* Work order *
The answer should consist of each line below that contains the word "longleftrightarrow".

(Source records)
(* Let $t\ge1$ and let $h:\{0,1\}^t\times\{0,1\}^t\to\{0,1\}$ be a Boolean function with $\mathrm{Cov}_0(h)=c$ and $\mathrm{UCov}_1(h)=m$. Then there exists a graph $G$ on at most $2^{2t}$ vertices with $\mathrm{bp}(G)\le m^2$ and $\chi(G)\ge\sqrt{c}$.
   Context: A $b$-monochromatic rectangle for $h$ is a set $A\times B$ with $A,B\subseteq\{0,1\}^t$ on which $h\equiv b$. $\mathrm{Cov}_b(h)$ is the minimum number of $b$-monochromatic rectangles covering $h^{-1}(b)$; $\mathrm{UCov}_b(h)$ is the minimum number of pairwise disjoint $b$-monochromatic rectangles partitioning $h^{-1}(b)$. For a graph $G$, $\chi(G)$ is the chromatic number and $\mathrm{bp}(G)$ is the minimum number of bicliques (complete bipartite subgraphs) whose edge sets partition $E(G)$. *)

theory Defs
  imports Complex_Main
begin

text \<open>The Boolean cube {0,1}^t, encoded as bool lists of length t (False = 0, True = 1).\<close>
definition cube :: "nat \<Rightarrow> bool list set" where
  "cube t = {xs. length xs = t}"

definition mono_rect :: "(bool list \<Rightarrow> bool list \<Rightarrow> bool) \<Rightarrow> nat \<Rightarrow> bool
    \<Rightarrow> bool list set \<Rightarrow> bool list set \<Rightarrow> bool" where
  "mono_rect h t b A B \<longleftrightarrow> A \<subseteq> cube t \<and> B \<subseteq> cube t \<and> (\<forall>x\<in>A. \<forall>y\<in>B. h x y = b)"

definition preimage_pts :: "(bool list \<Rightarrow> bool list \<Rightarrow> bool) \<Rightarrow> nat \<Rightarrow> bool \<Rightarrow> (bool list \<times> bool list) set" where
  "preimage_pts h t b = {(x, y). x \<in> cube t \<and> y \<in> cube t \<and> h x y = b}"

definition Cov :: "(bool list \<Rightarrow> bool list \<Rightarrow> bool) \<Rightarrow> nat \<Rightarrow> bool \<Rightarrow> nat" where
  "Cov h t b = (LEAST k. \<exists>R :: nat \<Rightarrow> bool list set \<times> bool list set.
      (\<forall>i<k. mono_rect h t b (fst (R i)) (snd (R i))) \<and>
      preimage_pts h t b \<subseteq> (\<Union>i<k. fst (R i) \<times> snd (R i)))"

definition UCov :: "(bool list \<Rightarrow> bool list \<Rightarrow> bool) \<Rightarrow> nat \<Rightarrow> bool \<Rightarrow> nat" where
  "UCov h t b = (LEAST k. \<exists>R :: nat \<Rightarrow> bool list set \<times> bool list set.
      (\<forall>i<k. mono_rect h t b (fst (R i)) (snd (R i))) \<and>
      (\<forall>i<k. \<forall>j<k. i \<noteq> j \<longrightarrow> (fst (R i) \<times> snd (R i)) \<inter> (fst (R j) \<times> snd (R j)) = {}) \<and>
      preimage_pts h t b = (\<Union>i<k. fst (R i) \<times> snd (R i)))"

definition simple_graph :: "'v set \<Rightarrow> 'v set set \<Rightarrow> bool" where
  "simple_graph V E \<longleftrightarrow> finite V \<and> (\<forall>e\<in>E. \<exists>x y. x \<noteq> y \<and> x \<in> V \<and> y \<in> V \<and> e = {x, y})"

definition chromatic_number :: "'v set \<Rightarrow> 'v set set \<Rightarrow> nat" where
  "chromatic_number V E = (LEAST k. \<exists>f :: 'v \<Rightarrow> nat.
      (\<forall>v\<in>V. f v < k) \<and> (\<forall>x y. {x, y} \<in> E \<longrightarrow> f x \<noteq> f y))"

definition biclique_edges :: "'v set \<Rightarrow> 'v set \<Rightarrow> 'v set set" where
  "biclique_edges X Y = {{x, y} | x y. x \<in> X \<and> y \<in> Y}"

definition is_biclique :: "'v set \<Rightarrow> 'v set set \<Rightarrow> 'v set \<Rightarrow> 'v set \<Rightarrow> bool" where
  "is_biclique V E X Y \<longleftrightarrow> X \<subseteq> V \<and> Y \<subseteq> V \<and> X \<inter> Y = {} \<and> biclique_edges X Y \<subseteq> E"

definition bp :: "'v set \<Rightarrow> 'v set set \<Rightarrow> nat" where
  "bp V E = (LEAST k. \<exists>B :: nat \<Rightarrow> 'v set \<times> 'v set.
      (\<forall>i<k. is_biclique V E (fst (B i)) (snd (B i))) \<and>
      (\<forall>i<k. \<forall>j<k. i \<noteq> j \<longrightarrow>
          biclique_edges (fst (B i)) (snd (B i)) \<inter> biclique_edges (fst (B j)) (snd (B j)) = {}) \<and>
      (\<Union>i<k. biclique_edges (fst (B i)) (snd (B i))) = E)"

end

theory Submission
  imports Defs "HOL-Library.Countable"
begin

text \<open>Let \<open>Z\<close> be the set of zero entries \<open>(x\<^sub>u, y\<^sub>u)\<close> of \<open>h\<close> and say that \<open>u\<close> hits \<open>v\<close> if
  \<open>h x\<^sub>u y\<^sub>v = 1\<close>. The OR graph joins \<open>u, v\<close> if one hits the other, the AND graph if both do.
  A colour class of the OR graph is a 0-monochromatic rectangle, so \<open>\<chi>(OR) \<ge> c\<close>. Colouring the
  AND graph with \<open>q\<close> colours and each colour class of the OR graph separately gives
  \<open>\<chi>(OR) \<le> q \<cdot> max\<^sub>a \<chi>(OR[W\<^sub>a])\<close>, so either \<open>q \<ge> \<surd>c\<close> or some class \<open>W\<^sub>a\<close> has \<open>\<chi>(OR[W\<^sub>a]) \<ge> \<surd>c\<close>.
  Both graphs have small biclique partitions: the 1-rectangles \<open>A\<^sub>i \<times> B\<^sub>i\<close> give \<open>m\<close> bicliques
  partitioning OR on an AND-independent set, and the pairs \<open>i < j\<close> give \<open>m\<^sup>2\<close> bicliques
  partitioning AND.\<close>

lemma finite_cube: "finite (cube t)"
  and card_cube: "card (cube t) = 2 ^ t"
proof -
  have cube_eq: "cube t = {xs. set xs \<subseteq> (UNIV :: bool set) \<and> length xs = t}"
    unfolding cube_def by blast
  show "finite (cube t)" unfolding cube_eq by (rule finite_lists_length_eq) simp
  show "card (cube t) = 2 ^ t" unfolding cube_eq by (subst card_lists_length_eq) simp_all
qed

* Finished exercise *
  "mono_rect h t b A B \<longleftrightarrow> A \<subseteq> cube t \<and> B \<subseteq> cube t \<and> (\<forall>x\<in>A. \<forall>y\<in>B. h x y = b)"
  "simple_graph V E \<longleftrightarrow> finite V \<and> (\<forall>e\<in>E. \<exists>x y. x \<noteq> y \<and> x \<in> V \<and> y \<in> V \<and> e = {x, y})"
  "is_biclique V E X Y \<longleftrightarrow> X \<subseteq> V \<and> Y \<subseteq> V \<and> X \<inter> Y = {} \<and> biclique_edges X Y \<subseteq> E"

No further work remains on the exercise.